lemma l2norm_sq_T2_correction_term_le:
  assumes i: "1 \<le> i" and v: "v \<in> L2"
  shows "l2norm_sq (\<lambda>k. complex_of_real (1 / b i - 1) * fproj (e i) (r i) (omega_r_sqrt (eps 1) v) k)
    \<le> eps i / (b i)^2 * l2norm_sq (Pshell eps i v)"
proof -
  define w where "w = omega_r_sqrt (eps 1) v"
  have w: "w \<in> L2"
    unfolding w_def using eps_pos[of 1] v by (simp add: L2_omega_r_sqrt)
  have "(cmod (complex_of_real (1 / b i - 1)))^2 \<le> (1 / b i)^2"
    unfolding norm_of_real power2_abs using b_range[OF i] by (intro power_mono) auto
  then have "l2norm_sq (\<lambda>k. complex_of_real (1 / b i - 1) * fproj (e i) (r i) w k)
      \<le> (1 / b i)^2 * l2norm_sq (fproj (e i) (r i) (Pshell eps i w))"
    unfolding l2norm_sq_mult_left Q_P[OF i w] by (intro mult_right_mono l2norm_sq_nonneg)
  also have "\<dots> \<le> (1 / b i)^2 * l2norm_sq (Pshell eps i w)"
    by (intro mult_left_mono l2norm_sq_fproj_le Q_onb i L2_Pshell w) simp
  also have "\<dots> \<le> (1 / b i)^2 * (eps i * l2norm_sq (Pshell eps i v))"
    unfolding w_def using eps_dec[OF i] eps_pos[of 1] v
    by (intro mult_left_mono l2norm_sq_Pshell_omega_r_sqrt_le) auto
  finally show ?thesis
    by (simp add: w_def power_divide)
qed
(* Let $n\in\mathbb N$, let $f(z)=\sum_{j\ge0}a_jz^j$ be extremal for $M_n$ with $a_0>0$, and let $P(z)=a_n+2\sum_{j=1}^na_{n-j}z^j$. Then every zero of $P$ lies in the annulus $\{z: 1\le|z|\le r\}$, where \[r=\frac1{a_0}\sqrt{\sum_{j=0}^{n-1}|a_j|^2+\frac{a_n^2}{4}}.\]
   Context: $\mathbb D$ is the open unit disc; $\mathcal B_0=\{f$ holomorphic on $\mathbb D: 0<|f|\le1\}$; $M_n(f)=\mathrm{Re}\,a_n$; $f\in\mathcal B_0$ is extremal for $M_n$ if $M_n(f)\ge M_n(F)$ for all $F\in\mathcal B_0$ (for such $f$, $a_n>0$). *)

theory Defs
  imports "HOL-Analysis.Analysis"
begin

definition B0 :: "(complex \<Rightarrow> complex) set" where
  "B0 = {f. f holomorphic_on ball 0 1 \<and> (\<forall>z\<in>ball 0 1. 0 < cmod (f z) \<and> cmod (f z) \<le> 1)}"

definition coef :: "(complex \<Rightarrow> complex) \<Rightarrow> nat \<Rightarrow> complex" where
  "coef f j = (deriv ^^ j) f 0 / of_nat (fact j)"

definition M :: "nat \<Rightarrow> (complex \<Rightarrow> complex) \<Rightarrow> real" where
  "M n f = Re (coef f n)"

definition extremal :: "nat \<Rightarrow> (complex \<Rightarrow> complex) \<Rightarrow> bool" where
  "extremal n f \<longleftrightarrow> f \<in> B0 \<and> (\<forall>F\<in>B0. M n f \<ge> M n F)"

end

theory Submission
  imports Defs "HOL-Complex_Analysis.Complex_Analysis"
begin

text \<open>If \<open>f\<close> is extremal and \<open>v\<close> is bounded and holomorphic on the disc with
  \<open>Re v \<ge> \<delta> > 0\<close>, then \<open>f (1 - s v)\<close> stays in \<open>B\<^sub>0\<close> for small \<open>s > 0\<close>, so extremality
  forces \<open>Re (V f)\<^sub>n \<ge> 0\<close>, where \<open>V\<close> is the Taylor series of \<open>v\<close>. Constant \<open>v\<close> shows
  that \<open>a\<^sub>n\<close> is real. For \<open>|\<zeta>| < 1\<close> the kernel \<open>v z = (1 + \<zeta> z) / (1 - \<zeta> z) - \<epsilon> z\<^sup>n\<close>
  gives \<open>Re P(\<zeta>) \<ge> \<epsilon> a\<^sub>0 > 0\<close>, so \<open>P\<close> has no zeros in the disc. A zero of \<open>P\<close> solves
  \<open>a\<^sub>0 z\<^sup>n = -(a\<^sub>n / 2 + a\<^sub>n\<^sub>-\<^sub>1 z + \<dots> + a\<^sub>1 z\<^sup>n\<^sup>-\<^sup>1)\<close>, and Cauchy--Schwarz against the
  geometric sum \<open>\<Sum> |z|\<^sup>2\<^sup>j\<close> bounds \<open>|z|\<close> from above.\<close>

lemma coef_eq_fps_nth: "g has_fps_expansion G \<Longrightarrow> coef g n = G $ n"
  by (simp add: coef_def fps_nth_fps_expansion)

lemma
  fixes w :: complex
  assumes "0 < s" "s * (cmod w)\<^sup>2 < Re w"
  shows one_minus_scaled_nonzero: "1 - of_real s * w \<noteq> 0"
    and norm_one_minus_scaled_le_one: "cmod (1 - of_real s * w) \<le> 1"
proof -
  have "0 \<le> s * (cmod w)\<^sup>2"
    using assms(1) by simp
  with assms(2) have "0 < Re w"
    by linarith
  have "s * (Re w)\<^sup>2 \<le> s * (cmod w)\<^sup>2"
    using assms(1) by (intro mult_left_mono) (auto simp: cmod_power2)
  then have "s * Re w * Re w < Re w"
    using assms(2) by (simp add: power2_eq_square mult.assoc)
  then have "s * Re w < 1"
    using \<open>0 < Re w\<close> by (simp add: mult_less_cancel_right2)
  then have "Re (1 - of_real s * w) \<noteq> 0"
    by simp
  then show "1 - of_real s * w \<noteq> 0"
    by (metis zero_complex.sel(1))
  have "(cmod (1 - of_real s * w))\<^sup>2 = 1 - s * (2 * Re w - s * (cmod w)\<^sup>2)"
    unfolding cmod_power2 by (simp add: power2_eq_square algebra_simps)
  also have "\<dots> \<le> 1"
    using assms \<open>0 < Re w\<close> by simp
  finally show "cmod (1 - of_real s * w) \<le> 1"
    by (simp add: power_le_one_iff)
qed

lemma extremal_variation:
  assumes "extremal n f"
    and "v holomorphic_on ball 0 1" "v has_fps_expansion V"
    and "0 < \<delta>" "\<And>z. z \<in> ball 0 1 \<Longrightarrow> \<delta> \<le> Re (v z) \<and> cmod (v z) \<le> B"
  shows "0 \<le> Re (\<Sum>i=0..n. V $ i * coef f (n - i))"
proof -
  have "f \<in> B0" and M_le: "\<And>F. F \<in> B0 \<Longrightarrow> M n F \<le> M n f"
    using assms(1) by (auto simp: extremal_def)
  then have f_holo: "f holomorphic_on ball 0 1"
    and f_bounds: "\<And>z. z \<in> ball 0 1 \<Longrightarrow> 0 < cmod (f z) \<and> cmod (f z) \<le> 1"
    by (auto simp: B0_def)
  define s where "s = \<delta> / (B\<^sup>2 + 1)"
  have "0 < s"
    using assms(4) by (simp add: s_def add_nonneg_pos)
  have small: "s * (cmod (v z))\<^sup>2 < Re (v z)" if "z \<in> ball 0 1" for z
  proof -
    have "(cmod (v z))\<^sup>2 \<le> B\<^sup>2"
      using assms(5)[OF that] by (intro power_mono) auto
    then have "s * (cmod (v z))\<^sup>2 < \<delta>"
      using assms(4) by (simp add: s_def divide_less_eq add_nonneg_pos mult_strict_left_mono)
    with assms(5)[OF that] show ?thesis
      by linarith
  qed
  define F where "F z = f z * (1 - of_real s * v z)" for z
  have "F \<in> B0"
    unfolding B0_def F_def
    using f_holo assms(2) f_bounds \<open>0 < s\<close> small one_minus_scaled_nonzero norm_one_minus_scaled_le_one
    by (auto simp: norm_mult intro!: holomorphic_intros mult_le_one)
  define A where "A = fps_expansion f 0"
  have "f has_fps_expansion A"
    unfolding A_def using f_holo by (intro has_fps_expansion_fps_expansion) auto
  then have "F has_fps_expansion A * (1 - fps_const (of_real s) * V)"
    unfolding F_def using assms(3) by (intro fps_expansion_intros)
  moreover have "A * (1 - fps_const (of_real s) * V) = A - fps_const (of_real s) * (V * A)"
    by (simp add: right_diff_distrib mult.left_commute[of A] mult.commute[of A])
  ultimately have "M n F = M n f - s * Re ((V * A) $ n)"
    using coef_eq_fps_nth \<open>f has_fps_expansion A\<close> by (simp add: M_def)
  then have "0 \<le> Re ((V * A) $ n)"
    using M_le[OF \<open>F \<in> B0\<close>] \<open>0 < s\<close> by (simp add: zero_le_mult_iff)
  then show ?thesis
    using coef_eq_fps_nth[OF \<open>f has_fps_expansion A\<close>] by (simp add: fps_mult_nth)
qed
——
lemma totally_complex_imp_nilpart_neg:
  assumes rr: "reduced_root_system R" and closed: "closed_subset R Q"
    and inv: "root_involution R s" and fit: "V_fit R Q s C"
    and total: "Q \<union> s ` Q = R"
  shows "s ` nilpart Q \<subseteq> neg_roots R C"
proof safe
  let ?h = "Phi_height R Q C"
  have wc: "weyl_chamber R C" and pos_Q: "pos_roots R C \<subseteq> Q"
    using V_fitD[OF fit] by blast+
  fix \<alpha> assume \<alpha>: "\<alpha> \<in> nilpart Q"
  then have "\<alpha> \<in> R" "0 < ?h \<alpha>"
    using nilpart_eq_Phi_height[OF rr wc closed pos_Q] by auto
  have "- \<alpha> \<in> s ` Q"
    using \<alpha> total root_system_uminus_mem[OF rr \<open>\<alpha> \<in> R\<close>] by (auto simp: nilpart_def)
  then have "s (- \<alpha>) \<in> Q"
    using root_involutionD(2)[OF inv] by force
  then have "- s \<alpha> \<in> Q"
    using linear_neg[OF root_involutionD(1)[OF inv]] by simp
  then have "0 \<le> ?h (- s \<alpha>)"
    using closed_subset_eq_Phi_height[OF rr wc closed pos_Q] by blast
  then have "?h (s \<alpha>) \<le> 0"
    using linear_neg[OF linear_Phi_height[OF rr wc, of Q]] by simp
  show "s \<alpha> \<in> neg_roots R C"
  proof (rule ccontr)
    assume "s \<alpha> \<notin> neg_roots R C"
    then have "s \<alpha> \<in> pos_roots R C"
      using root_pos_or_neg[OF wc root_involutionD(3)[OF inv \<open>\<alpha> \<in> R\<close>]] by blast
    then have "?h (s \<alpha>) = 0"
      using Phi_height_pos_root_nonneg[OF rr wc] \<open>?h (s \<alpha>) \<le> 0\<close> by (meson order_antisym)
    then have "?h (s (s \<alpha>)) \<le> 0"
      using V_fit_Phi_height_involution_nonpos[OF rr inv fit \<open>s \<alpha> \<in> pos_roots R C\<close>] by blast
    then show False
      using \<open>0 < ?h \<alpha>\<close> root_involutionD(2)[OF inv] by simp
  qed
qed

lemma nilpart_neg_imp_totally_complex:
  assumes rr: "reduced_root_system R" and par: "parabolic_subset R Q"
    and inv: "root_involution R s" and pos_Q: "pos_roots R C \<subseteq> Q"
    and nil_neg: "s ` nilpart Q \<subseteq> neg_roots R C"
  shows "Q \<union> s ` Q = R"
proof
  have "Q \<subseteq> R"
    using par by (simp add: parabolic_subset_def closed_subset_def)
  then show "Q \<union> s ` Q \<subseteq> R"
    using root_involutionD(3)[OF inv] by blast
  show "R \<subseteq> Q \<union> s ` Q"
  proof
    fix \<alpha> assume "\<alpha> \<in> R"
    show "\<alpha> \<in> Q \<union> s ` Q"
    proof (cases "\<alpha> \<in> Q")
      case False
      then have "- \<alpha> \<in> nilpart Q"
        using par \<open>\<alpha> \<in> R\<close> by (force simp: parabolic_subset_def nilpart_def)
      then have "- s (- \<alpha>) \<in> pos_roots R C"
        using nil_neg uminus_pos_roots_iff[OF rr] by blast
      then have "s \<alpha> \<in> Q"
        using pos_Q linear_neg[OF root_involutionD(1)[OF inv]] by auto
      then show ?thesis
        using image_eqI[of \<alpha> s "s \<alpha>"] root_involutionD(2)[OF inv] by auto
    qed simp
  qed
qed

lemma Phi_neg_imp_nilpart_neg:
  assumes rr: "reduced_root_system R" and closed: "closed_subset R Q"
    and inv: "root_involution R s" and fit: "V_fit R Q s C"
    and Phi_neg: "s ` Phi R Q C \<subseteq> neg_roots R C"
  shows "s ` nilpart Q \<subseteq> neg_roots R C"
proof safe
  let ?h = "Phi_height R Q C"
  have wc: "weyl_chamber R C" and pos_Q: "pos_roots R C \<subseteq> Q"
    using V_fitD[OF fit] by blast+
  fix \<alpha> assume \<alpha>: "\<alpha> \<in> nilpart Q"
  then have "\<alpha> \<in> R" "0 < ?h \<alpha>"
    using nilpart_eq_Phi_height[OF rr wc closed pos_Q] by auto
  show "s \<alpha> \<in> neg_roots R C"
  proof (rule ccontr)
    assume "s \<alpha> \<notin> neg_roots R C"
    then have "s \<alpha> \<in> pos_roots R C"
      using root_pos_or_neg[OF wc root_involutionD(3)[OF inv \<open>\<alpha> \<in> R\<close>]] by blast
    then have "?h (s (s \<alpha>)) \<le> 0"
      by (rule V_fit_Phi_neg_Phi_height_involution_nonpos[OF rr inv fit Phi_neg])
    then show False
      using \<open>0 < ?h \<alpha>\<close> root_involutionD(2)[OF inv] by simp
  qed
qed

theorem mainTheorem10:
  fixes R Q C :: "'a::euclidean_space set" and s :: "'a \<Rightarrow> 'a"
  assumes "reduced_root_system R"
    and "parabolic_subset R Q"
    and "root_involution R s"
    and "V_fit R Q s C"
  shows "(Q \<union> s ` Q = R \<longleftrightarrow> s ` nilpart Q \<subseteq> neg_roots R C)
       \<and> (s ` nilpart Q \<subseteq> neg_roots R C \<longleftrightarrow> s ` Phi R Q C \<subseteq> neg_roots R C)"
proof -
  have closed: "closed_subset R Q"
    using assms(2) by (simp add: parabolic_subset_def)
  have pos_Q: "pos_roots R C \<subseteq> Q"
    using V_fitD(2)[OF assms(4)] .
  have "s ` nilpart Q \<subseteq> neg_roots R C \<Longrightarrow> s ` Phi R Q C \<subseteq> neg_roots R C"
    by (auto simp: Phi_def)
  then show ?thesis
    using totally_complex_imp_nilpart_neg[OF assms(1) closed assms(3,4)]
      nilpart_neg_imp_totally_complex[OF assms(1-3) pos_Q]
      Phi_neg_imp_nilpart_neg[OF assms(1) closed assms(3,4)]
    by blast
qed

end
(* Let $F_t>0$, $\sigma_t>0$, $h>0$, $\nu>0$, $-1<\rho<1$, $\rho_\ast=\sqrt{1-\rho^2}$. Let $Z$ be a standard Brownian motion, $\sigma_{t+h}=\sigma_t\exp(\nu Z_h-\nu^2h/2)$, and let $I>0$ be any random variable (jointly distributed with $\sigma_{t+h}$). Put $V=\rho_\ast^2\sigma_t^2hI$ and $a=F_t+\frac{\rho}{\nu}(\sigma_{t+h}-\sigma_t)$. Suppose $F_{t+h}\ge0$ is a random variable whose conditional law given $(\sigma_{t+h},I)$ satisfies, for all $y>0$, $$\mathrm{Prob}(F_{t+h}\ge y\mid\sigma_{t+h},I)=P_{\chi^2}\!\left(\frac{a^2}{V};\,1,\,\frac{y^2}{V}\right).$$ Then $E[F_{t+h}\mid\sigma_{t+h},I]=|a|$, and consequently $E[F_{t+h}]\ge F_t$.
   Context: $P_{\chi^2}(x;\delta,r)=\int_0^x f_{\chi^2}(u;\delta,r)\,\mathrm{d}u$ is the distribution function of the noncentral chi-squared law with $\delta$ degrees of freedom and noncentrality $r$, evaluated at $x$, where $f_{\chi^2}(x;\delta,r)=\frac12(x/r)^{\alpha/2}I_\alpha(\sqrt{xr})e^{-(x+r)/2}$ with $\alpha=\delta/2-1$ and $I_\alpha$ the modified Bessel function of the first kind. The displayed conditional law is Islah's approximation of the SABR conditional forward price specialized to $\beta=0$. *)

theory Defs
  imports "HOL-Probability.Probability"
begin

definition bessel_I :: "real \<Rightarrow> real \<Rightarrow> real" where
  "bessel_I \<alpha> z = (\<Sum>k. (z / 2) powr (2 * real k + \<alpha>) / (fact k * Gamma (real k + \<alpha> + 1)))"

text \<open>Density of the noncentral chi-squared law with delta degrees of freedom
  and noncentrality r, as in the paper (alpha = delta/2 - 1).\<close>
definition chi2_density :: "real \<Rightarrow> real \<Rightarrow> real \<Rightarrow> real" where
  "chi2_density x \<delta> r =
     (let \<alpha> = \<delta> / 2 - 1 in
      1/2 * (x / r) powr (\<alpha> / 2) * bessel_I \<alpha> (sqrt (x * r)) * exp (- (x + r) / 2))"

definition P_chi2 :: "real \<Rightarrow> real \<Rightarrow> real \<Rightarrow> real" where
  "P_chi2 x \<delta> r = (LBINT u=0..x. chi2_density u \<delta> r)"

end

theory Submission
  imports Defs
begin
——
* Brief
Considering only lines of the records that hold the string "imports", state how many there are and nothing else.

* Completed exercise
4